Fern shuddered. “I can’t swim.”
* * *
Forty-five minutes of overchlorinated up-to-the-neck wading and floating later (basically hell for me, because I’d just missed our first two lessons to get my braces tightened), I was frantically searching the changing rooms for my bra. I supposed someone else had accidentally put it on while I was still frantically scrubbing the chlorine smell off my skin in the showers, knowing Friday is not one of my bath days in our chaotic house. But whose boobs would fit in my 32a?
In the end I’d given up and wandered off to English with arms folded. We turned out to have a further half hour to kill in the Maths block as we had to wait for Keisha’s detention (touching up her mascara in the mirrors the class were supposed to use to study shapes, as we heard later). It was her place we were supposed to be heading back to after school, so no way could we leave without.
At Keisha’s, we enjoyed an hour or so in front of old sitcoms where you could predict when the canned laughter is coming (i.e. count to three after the last bit). We were all sat on or around her mum’s leather sofa, giggling over the crap on TV and painting each other’s nails.
“Look at this,” said Chantalle, thrusting a double page of magazine at as. “The astrological stuff – it’s saying I’m compatible with Leo! And Gemini, Sagittarius and Aquarius.”
/>
“So?” said Rachel.
Keisha laughed. “And incompatible with Taurus. Good, because that’s me! Who’d you have in mind?”

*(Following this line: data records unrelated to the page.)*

(* Let $X$ be a topological space in which every open set is a union of countably many clopen sets. Assume that $C_p(X,\{0,1\})$ is an $\alpha_1$ space, and let $\mathcal{U}=\{U_n:n\in\mathbb{N}\}$ be a bijectively enumerated family of open subsets of $X$. Then the Marczewski map $\mathcal{U}:X\to P(\mathbb{N})$ is a discrete limit of a sequence of continuous functions $\Psi_m:X\to P(\mathbb{N})$.
   Context: $C_p(X,\{0,1\})$ is the set of continuous functions $X\to\{0,1\}$ with the topology of pointwise convergence. In a space $Y$, a countable set $A$ of distinct points converges to $y$ if some (equivalently every) bijective enumeration of $A$ converges to $y$; $Y$ is an $\alpha_1$ space if for each $y\in Y$ and each sequence $A_1,A_2,\dots$ of countably infinite sets each converging to $y$, there are cofinite $B_n\subseteq A_n$ such that $\bigcup_nB_n$ converges to $y$. $P(\mathbb{N})$ carries the Cantor space topology (identified with $\{0,1\}^{\mathbb{N}}$ via characteristic functions). The Marczewski map of a bijectively enumerated family $\mathcal{U}=\{U_n\}$ of subsets of $X$ is $\mathcal{U}(x)=\{n\in\mathbb{N}:x\in U_n\}$. A function $f$ on $X$ is a discrete limit of functions $f_m$ if for each $x\in X$, $f_m(x)=f(x)$ for all but finitely many $m$. *)

theory Defs
  imports "HOL-Analysis.Analysis"
begin

text \<open>The two-point space \<open>{0,1}\<close> is rendered as \<open>bool\<close> with the discrete topology.\<close>

definition Cp01 :: "'a topology \<Rightarrow> ('a \<Rightarrow> bool) topology" where
  "Cp01 X = subtopology (product_topology (\<lambda>_. discrete_topology (UNIV::bool set)) (topspace X))
                        {f. continuous_map X (discrete_topology UNIV) f}"

definition cantor :: "(nat \<Rightarrow> bool) topology" where
  "cantor = product_topology (\<lambda>_. discrete_topology (UNIV::bool set)) UNIV"

definition powerset_nat_top :: "nat set topology" where
  "powerset_nat_top = topology (\<lambda>S. openin cantor ((\<lambda>A n. n \<in> A) ` S))"

definition set_converges :: "'a topology \<Rightarrow> 'a set \<Rightarrow> 'a \<Rightarrow> bool" where
  "set_converges T A y \<longleftrightarrow>
     (\<exists>e. bij_betw e (UNIV::nat set) A \<and> limitin T e y sequentially)"

definition alpha1_space :: "'a topology \<Rightarrow> bool" where
  "alpha1_space T \<longleftrightarrow>
     (\<forall>y \<in> topspace T. \<forall>A :: nat \<Rightarrow> 'a set.
        (\<forall>n. A n \<subseteq> topspace T \<and> countable (A n) \<and> infinite (A n) \<and> set_converges T (A n) y) \<longrightarrow>
        (\<exists>B. (\<forall>n. B n \<subseteq> A n \<and> finite (A n - B n)) \<and> set_converges T (\<Union>n. B n) y))"

definition marczewski :: "(nat \<Rightarrow> 'a set) \<Rightarrow> 'a \<Rightarrow> nat set" where
  "marczewski U x = {n. x \<in> U n}"

definition discrete_limit :: "'a set \<Rightarrow> (nat \<Rightarrow> 'a \<Rightarrow> 'b) \<Rightarrow> ('a \<Rightarrow> 'b) \<Rightarrow> bool" where
  "discrete_limit S fs f \<longleftrightarrow> (\<forall>x \<in> S. \<forall>\<^sub>F m in sequentially. fs m x = f x)"

lemma istopology_powerset_nat_top:
  "istopology (\<lambda>S. openin cantor ((\<lambda>A n. n \<in> A) ` S))"
proof -
  have inj: "inj (\<lambda>(A::nat set) n. n \<in> A)" by (auto simp: inj_def fun_eq_iff)
  show ?thesis unfolding istopology_def
    by (auto simp: image_Int[OF inj] image_Union intro: openin_Int openin_Union)
qed

end

theory Submission
  imports Defs
begin

(* Identify P(N) with Cantor space {0,1}^N: a map Psi : X -> P(N) is continuous
   iff every coordinate set {x. n \<in> Psi x} is clopen.  Each open U n is a countable disjoint
   union of clopen sets, so the characteristic functions of the pieces form a countable
   point-finite family A n \<subseteq> C_p(X,{0,1}) whose supports (cozero sets) cover U n.  A countably
   infinite point-finite family converges, as a set, to the zero function.  Applying alpha_1 to
   the infinite families gives cofinite B n \<subseteq> A n such that \<Union>n. B n converges to zero; for an
   enumeration e of this union every point lies in the support of only finitely many e j.
   With the finite remainders R n = A n - B n, the approximant
     Psi m x = {n. x \<in> supp f for some f \<in> R n, or x \<in> supp (e j) \<subseteq> U n for some j \<le> m}
   has clopen coordinate sets, satisfies Psi m x \<subseteq> U(x), and equals the Marczewski value U(x)
   as soon as m exceeds every j with e j x. *)

definition clopenin :: "'a topology \<Rightarrow> 'a set \<Rightarrow> bool" where
  "clopenin X S \<longleftrightarrow> openin X S \<and> closedin X S"

lemma clopenin_Un: "clopenin X S \<Longrightarrow> clopenin X T \<Longrightarrow> clopenin X (S \<union> T)"
  unfolding clopenin_def by auto

lemma clopenin_Diff: "clopenin X S \<Longrightarrow> clopenin X T \<Longrightarrow> clopenin X (S - T)"
  unfolding clopenin_def by auto

lemma clopenin_Union: "finite \<F> \<Longrightarrow> (\<And>S. S \<in> \<F> \<Longrightarrow> clopenin X S) \<Longrightarrow> clopenin X (\<Union>\<F>)"
  unfolding clopenin_def by (auto intro: closedin_Union)

definition cozero :: "'a topology \<Rightarrow> ('a \<Rightarrow> bool) \<Rightarrow> 'a set" where
  "cozero X f = {x \<in> topspace X. f x}"

lemma continuous_map_bool_iff:
  "continuous_map X (discrete_topology UNIV) f \<longleftrightarrow> clopenin X (cozero X f)"
proof
  assume f: "continuous_map X (discrete_topology UNIV) f"
  have "openin X {x \<in> topspace X. f x \<in> {True}}"
    using f unfolding continuous_map by (metis openin_discrete_topology subset_UNIV)
  moreover have "closedin X {x \<in> topspace X. f x \<in> {True}}"
    using f unfolding continuous_map_closedin by (metis closedin_discrete_topology subset_UNIV)
  ultimately show "clopenin X (cozero X f)" by (simp add: clopenin_def cozero_def)
next
  assume clopen: "clopenin X (cozero X f)"
  have preimage: "{x \<in> topspace X. f x \<in> T} =
      (if True \<in> T then cozero X f else {}) \<union> (if False \<in> T then topspace X - cozero X f else {})"
    for T by (auto simp: cozero_def) (metis (full_types))+
  show "continuous_map X (discrete_topology UNIV) f"
    unfolding continuous_map preimage using clopen
    by (auto simp: clopenin_def closedin_def intro!: openin_Un)
qed

lemma limitin_discrete_iff:
  "limitin (discrete_topology UNIV) f l F \<longleftrightarrow> eventually (\<lambda>j. f j = l) F"
  unfolding limitin_def
  by (metis (mono_tags, lifting) eventually_mono insertI1 openin_discrete_topology singletonD subset_UNIV topspace_discrete_topology UNIV_I)

lemma topspace_Cp01:
  "f \<in> topspace (Cp01 X) \<longleftrightarrow> f \<in> extensional (topspace X) \<and> clopenin X (cozero X f)"
  unfolding Cp01_def by (auto simp: topspace_product_topology PiE_def continuous_map_bool_iff)

definition zero_map :: "'a topology \<Rightarrow> 'a \<Rightarrow> bool" where
  "zero_map X = (\<lambda>x. if x \<in> topspace X then False else undefined)"

lemma zero_map_in_Cp01: "zero_map X \<in> topspace (Cp01 X)"
  unfolding topspace_Cp01 zero_map_def cozero_def clopenin_def by (auto simp: extensional_def)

“There’s nobody in mind,” Chantalle said defensively. “I just mean, don’t you think it’s interesting? Who do we know that’s a Leo, for instance?”
Me, I thought, unenthusiastically. And Charlie.
“Harley, aren’t you a Leo?” teased Keisha.
“Yeah, a Leo, not a lesbian!” giggled Rachel.
“But that makes Charlie a Leo as well,” said Dani.
I couldn’t tell if Chantalle cringed or shuddered then. (Let’s call it a “crudder”.) “Oh who knows, maybe we’ll get married one day…?”
“That stuff can’t be proven,” yawned Keisha. “Rindi, who was the tall ’Talian-looking guy you were with yesterday?”
“Oh, that’s just my sister’s ex; don’t get too excited. He wanted tips from me on how to win her back. So I suggested a bouquet of pansies, and, erm, peanuts. Only because he was crushingly cute and I couldn’t think straight!” She paused to flick back her hair, revealing some red marks on her neck. “That’s where I got these. Nadine strangled me, ’cause her parting excuse had been an arranged marriage… which is not really happening…”
It wasn’t surprising that he’d bought the excuse. Though Rindi’s folks don’t go big on tradition, she and her sisters often manage to startle the pants off people with made-up differences. I shrunk a little, remembering how silly I’d felt when we were paired on Year 6 Day and she pretended not to know what cheese roll was, to take the mickey out of me for looking so nervous. (Actually, not all my nerves had had anything to do with never having met an Indian girl before, and it was more because of the scary new school situation, but she couldn’t have guessed.)
I turned back to my toenails, which I’d been making a huge mess of with my eyes on the TV. Fuchsia Pink, which smelled disturbingly like tuna.
* * *
Later, when I’d got the absolute last of the tuna / nail varnish off my feet, and the last of the stickiness off the Bratz, me and the boys were no closer to solving the Mum Mystery. When I got in at five, she was home already and was finishing a lovely shepherd’s pie, acting like nothing was even different. It was a pity my teeth hurt so much that I couldn’t manage any carrot – to tell the truth, I felt too sick to swallow much at all.